- _WORK INSTRUCTION_
Indicate, with the number alone, how many lines in the listing below hold the string "lecturer".
═════ EXERCISE DATA ═════
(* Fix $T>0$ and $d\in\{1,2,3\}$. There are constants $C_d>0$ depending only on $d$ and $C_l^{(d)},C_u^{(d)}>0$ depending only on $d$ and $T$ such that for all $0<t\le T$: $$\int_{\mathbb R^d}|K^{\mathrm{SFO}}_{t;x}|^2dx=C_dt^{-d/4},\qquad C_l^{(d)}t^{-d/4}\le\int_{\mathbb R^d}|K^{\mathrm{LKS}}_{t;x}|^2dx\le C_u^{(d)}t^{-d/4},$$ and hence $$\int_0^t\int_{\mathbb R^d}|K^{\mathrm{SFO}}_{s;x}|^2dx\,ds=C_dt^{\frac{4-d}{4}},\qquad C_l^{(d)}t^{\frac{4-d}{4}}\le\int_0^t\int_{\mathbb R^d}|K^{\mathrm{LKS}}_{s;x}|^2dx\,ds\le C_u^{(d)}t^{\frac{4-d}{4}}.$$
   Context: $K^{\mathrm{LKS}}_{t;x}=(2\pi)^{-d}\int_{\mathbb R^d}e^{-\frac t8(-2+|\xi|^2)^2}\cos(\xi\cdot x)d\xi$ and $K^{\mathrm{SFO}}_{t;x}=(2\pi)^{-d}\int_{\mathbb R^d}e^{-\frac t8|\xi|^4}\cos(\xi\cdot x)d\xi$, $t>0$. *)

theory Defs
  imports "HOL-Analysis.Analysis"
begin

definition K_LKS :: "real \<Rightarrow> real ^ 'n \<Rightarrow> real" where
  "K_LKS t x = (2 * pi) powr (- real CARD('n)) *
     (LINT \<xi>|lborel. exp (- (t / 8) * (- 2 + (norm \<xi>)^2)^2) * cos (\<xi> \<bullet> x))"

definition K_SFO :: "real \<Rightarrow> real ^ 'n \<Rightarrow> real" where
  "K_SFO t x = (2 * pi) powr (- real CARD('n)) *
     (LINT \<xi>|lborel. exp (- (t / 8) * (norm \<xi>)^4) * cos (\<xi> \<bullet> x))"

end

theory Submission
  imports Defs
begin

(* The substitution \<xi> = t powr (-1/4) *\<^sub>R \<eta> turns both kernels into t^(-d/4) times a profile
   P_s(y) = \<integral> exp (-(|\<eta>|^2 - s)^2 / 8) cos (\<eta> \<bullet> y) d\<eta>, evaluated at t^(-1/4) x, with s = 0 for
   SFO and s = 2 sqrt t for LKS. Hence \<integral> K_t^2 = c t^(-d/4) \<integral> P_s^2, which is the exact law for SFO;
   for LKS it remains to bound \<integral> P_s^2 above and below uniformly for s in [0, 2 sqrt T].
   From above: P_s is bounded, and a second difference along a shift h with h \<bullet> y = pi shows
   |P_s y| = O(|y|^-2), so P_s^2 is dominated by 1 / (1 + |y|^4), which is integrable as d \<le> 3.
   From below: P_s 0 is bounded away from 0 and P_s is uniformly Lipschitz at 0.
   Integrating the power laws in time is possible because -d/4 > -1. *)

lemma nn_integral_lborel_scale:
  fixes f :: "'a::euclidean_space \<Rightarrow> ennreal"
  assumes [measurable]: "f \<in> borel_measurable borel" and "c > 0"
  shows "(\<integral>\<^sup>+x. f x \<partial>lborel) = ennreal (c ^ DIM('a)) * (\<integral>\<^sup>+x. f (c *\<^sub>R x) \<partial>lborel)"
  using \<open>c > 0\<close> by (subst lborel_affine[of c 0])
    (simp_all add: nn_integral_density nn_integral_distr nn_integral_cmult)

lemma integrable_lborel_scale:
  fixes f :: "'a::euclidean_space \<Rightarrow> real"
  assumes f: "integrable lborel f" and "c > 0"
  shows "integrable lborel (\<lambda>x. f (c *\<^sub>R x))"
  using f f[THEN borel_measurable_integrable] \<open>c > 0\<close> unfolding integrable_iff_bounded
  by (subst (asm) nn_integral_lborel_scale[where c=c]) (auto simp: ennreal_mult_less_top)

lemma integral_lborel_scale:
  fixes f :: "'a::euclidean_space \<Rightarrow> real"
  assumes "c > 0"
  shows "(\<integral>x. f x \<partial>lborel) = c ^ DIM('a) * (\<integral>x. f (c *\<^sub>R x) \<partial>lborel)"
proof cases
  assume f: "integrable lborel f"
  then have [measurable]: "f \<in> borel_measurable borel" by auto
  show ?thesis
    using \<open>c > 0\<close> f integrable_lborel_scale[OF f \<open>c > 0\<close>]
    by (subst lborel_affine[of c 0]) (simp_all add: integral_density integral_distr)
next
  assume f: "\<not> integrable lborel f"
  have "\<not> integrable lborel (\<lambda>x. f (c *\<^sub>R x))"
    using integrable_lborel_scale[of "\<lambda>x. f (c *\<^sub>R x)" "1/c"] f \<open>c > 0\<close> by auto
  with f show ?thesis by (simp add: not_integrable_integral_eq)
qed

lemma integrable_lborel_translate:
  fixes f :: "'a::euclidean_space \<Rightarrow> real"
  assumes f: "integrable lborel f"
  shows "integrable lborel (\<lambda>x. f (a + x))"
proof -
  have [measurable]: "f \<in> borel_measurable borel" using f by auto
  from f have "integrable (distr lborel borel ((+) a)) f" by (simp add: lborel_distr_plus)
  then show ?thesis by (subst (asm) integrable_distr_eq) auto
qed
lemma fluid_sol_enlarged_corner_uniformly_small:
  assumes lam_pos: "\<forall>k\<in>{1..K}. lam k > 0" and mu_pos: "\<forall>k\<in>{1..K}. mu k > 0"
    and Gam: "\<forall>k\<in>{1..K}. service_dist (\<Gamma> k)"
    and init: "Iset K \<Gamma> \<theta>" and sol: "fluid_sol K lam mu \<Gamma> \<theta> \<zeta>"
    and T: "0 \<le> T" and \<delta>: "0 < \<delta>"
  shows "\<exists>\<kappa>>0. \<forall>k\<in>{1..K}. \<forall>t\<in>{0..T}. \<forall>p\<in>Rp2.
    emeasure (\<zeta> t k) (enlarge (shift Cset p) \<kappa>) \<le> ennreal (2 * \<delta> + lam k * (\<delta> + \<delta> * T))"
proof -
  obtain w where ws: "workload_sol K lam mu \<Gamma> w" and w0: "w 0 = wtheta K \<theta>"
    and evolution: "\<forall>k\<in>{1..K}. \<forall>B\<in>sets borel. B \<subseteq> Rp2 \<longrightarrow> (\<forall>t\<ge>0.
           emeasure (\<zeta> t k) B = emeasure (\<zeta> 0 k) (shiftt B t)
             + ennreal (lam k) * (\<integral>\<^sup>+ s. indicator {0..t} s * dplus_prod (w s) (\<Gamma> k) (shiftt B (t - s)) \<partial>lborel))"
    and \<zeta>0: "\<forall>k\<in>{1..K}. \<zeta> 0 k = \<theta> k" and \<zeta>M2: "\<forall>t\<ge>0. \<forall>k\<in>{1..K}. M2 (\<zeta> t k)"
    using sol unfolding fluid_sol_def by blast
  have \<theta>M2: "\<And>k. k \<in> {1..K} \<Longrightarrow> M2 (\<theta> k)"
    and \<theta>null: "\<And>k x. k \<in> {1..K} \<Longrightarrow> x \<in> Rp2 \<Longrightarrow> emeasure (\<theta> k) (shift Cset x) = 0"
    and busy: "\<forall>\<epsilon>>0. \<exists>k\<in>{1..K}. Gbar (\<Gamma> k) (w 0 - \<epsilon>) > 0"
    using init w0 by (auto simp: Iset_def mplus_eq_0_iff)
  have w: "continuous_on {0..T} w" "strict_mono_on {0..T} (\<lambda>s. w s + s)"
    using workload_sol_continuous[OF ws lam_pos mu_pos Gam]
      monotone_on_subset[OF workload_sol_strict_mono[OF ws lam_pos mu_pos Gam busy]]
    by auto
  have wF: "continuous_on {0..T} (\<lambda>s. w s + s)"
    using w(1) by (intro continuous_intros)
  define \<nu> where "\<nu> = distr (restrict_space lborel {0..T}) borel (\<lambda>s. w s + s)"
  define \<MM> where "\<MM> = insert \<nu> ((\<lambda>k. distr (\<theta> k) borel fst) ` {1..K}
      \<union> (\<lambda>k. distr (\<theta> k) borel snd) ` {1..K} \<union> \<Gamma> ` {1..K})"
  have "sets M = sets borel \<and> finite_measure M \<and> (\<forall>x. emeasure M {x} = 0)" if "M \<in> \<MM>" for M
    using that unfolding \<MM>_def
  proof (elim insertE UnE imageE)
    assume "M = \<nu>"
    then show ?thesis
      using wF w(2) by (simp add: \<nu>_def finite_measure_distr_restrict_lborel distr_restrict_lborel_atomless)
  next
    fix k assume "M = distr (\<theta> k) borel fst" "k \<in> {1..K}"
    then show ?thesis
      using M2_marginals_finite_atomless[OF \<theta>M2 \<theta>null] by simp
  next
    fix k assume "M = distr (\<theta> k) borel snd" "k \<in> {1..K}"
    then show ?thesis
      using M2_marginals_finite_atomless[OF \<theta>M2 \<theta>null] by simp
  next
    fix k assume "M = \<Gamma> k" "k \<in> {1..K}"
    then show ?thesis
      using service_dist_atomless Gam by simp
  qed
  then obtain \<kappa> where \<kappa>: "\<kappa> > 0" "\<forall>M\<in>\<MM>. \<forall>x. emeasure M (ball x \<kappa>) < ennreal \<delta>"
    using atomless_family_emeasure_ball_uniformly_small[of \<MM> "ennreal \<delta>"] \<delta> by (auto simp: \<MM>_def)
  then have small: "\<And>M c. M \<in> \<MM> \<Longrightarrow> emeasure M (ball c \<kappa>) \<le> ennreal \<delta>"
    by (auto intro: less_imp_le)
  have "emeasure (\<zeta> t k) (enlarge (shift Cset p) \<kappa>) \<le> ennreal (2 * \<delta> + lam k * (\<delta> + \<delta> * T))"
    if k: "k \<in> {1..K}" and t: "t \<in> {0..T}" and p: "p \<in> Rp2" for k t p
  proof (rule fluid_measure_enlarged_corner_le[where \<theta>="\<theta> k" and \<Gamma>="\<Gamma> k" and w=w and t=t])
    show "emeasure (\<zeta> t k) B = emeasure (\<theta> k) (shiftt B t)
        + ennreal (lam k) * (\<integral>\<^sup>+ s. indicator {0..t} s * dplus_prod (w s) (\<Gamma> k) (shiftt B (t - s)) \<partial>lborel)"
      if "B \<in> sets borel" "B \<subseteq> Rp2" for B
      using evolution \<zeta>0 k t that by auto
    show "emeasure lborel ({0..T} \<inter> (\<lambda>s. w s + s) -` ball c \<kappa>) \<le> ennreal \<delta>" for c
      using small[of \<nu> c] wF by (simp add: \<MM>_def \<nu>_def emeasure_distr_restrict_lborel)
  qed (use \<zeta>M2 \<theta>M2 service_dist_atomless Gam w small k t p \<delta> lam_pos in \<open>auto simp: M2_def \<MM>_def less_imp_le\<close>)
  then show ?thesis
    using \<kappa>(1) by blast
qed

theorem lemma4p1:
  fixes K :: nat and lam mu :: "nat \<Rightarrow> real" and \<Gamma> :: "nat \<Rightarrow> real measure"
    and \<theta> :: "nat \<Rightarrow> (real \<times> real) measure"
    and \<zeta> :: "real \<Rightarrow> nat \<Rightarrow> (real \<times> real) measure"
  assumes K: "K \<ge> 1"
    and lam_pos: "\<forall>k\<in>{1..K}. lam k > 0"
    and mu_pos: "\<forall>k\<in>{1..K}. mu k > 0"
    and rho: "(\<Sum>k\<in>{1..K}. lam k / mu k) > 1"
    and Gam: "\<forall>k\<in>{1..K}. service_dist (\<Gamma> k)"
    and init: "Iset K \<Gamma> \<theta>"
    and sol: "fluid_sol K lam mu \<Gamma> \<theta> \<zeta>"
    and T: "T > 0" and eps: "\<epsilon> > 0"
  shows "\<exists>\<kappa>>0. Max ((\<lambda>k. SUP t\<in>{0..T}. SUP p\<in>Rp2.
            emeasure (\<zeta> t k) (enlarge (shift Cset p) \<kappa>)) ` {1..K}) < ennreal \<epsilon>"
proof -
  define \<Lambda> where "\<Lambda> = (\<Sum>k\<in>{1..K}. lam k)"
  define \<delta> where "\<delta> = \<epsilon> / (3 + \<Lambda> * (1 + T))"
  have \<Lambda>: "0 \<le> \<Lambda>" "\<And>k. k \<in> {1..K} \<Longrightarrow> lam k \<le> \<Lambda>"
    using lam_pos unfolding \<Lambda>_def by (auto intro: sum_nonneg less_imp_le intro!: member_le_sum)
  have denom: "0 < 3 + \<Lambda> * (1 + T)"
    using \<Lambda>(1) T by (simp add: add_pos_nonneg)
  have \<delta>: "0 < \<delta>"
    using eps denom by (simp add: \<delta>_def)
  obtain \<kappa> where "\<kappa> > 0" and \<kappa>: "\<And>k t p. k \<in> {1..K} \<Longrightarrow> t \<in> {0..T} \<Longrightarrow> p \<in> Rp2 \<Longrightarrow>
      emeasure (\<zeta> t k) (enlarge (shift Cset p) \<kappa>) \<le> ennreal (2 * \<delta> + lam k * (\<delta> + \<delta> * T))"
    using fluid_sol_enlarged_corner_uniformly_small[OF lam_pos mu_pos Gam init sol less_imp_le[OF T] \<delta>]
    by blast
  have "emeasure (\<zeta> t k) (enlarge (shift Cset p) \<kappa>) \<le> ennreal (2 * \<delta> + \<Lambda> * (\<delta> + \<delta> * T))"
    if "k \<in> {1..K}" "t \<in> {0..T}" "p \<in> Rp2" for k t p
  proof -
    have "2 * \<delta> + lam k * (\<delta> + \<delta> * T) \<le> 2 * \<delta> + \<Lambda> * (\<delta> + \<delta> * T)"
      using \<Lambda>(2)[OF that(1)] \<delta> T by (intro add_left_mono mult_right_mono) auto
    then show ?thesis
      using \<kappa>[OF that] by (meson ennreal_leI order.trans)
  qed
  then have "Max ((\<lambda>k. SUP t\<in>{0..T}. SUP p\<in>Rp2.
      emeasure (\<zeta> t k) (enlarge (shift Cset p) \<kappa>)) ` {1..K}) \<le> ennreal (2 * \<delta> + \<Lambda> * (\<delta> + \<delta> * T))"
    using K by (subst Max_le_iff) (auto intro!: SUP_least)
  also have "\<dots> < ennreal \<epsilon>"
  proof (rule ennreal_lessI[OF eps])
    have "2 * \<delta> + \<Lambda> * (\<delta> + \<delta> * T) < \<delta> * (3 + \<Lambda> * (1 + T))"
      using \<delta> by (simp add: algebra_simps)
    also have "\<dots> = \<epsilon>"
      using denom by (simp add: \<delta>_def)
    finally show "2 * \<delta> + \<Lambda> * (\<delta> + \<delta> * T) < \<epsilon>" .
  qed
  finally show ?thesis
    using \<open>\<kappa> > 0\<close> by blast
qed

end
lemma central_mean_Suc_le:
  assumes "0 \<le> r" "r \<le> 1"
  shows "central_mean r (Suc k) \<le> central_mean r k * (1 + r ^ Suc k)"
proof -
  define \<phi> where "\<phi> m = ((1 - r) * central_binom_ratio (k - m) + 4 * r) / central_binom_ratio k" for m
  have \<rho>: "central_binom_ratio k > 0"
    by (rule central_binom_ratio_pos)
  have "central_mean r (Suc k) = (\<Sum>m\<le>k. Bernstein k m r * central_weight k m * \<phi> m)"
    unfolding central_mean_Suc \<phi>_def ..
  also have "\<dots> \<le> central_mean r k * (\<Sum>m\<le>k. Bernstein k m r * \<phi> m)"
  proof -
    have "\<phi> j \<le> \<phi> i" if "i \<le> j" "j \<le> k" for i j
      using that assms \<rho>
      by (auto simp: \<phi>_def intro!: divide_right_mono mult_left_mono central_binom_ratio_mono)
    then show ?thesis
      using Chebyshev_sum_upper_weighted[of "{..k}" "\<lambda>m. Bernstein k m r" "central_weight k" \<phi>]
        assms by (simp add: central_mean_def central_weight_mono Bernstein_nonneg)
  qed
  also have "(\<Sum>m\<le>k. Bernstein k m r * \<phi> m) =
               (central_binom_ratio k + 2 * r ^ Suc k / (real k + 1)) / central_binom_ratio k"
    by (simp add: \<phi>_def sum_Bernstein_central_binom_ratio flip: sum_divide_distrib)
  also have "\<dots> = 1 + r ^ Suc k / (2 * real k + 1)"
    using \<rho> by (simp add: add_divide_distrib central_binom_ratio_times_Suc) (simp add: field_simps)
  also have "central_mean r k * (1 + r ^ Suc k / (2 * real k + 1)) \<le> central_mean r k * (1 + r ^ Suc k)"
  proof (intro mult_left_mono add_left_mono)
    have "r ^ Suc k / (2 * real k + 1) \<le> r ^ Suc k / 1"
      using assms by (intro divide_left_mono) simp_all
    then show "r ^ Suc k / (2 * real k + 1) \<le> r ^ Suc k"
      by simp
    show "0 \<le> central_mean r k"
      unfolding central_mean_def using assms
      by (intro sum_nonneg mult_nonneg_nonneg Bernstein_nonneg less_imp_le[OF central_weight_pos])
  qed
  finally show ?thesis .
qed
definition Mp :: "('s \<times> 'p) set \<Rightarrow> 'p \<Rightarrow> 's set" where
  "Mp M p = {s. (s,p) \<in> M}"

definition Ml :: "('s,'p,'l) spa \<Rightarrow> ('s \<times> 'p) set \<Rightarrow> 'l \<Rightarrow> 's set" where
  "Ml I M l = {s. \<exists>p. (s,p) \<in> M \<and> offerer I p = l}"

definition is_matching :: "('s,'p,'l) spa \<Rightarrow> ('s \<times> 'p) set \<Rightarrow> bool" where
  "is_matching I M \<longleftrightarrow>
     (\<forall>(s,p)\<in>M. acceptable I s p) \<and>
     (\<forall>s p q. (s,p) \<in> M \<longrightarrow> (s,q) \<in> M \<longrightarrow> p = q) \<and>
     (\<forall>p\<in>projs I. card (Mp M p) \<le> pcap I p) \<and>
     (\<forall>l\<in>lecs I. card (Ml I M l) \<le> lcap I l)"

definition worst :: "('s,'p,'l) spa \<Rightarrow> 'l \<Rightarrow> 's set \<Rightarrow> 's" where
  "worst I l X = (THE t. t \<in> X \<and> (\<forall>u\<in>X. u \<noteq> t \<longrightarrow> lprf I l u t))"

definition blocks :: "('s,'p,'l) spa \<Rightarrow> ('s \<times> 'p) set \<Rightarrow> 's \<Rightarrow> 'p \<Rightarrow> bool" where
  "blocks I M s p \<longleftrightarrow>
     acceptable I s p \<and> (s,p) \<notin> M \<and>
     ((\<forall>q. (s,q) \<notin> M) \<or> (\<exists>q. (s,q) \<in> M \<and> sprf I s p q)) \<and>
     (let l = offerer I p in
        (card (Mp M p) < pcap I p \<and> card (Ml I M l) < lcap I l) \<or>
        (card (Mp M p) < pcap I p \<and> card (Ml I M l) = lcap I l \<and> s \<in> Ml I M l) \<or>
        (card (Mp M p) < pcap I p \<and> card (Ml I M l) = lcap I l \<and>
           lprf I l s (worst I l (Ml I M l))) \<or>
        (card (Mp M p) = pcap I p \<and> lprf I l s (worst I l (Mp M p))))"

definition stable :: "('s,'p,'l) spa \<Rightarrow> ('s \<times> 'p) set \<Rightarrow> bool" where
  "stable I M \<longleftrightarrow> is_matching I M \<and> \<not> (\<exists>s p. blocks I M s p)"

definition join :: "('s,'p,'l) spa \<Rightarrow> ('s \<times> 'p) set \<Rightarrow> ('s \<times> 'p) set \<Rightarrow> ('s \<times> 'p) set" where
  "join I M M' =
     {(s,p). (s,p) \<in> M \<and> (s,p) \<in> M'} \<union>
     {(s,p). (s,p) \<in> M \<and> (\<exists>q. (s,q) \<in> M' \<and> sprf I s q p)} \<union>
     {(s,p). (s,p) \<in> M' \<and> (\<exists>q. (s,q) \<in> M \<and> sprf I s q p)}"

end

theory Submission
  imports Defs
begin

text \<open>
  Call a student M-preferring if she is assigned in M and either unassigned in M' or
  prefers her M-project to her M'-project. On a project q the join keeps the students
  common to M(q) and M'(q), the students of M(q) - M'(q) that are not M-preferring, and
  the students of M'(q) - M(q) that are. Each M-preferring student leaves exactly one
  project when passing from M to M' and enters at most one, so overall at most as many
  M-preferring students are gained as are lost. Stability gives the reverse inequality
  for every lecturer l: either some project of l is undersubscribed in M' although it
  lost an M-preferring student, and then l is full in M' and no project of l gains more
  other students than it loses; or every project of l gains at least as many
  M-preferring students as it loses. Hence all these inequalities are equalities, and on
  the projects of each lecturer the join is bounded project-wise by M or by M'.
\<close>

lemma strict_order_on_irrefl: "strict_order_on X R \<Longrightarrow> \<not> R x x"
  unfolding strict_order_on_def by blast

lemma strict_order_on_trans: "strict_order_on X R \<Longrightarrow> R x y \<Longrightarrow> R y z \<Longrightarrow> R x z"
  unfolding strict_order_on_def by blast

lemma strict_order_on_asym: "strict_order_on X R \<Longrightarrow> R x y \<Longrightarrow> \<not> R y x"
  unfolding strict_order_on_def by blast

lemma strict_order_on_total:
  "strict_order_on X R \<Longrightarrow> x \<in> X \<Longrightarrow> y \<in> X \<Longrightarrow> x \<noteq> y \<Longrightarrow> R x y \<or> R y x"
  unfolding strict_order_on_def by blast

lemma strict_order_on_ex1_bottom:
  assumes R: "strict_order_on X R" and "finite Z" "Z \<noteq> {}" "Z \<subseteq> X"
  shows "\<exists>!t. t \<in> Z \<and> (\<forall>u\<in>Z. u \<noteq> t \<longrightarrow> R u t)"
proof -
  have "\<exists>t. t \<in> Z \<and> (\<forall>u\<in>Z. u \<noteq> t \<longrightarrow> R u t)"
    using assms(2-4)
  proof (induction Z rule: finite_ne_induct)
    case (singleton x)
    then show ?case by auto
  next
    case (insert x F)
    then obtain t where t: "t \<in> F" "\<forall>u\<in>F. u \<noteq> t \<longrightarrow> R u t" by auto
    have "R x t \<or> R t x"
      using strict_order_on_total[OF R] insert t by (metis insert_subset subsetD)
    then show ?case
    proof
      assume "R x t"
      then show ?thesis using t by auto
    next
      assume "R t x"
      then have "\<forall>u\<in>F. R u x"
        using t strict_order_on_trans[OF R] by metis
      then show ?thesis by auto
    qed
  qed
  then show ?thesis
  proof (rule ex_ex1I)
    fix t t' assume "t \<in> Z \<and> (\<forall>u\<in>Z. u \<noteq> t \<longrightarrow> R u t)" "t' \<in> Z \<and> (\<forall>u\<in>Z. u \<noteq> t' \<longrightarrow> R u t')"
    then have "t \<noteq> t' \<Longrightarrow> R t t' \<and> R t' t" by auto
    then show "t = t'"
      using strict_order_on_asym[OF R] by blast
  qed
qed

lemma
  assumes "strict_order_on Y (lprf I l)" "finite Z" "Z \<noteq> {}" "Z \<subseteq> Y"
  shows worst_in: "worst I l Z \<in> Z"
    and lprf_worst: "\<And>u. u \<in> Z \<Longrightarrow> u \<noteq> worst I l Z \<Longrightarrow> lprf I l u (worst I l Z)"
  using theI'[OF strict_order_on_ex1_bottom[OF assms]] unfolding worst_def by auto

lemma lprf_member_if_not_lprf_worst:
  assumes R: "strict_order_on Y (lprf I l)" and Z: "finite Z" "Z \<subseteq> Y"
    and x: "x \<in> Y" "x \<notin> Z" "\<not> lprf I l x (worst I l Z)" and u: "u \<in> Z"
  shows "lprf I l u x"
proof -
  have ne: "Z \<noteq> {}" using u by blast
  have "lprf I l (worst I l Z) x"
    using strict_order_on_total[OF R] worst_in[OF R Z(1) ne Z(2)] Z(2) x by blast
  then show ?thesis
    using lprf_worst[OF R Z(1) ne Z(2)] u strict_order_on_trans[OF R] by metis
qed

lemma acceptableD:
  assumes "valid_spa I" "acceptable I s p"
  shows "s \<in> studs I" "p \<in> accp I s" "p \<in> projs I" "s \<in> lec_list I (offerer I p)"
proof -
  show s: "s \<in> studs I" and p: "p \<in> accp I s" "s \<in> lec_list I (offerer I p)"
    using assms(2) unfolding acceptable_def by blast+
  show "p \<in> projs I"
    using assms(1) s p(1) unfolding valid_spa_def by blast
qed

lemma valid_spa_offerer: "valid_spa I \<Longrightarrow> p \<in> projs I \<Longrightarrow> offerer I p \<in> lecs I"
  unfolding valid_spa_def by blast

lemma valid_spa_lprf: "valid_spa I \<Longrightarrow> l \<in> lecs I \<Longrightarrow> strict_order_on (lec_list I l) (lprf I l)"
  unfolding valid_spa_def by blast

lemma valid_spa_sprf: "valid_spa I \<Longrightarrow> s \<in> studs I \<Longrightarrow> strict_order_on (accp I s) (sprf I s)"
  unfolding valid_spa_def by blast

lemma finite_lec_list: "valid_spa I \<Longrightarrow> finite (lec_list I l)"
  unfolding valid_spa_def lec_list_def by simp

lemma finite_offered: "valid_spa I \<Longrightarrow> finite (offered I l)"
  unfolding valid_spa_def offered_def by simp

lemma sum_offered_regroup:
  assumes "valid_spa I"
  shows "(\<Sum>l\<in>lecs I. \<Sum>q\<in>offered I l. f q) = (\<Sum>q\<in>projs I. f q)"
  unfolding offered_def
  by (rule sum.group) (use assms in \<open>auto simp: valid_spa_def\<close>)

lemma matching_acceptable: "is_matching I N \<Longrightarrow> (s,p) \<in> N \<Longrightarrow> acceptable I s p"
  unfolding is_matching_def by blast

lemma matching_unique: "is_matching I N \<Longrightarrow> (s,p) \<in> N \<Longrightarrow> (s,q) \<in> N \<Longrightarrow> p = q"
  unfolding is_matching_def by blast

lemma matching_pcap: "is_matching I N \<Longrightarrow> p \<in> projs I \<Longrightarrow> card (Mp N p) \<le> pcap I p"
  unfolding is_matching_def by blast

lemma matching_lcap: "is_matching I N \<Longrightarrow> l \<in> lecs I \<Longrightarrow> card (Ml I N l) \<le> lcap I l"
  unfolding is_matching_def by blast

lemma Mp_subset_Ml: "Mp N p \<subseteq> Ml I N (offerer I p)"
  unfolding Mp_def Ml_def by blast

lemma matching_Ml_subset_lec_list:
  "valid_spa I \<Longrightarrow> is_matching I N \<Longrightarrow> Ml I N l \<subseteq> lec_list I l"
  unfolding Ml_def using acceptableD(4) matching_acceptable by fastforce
═════
- _WRITTEN REPLY_
2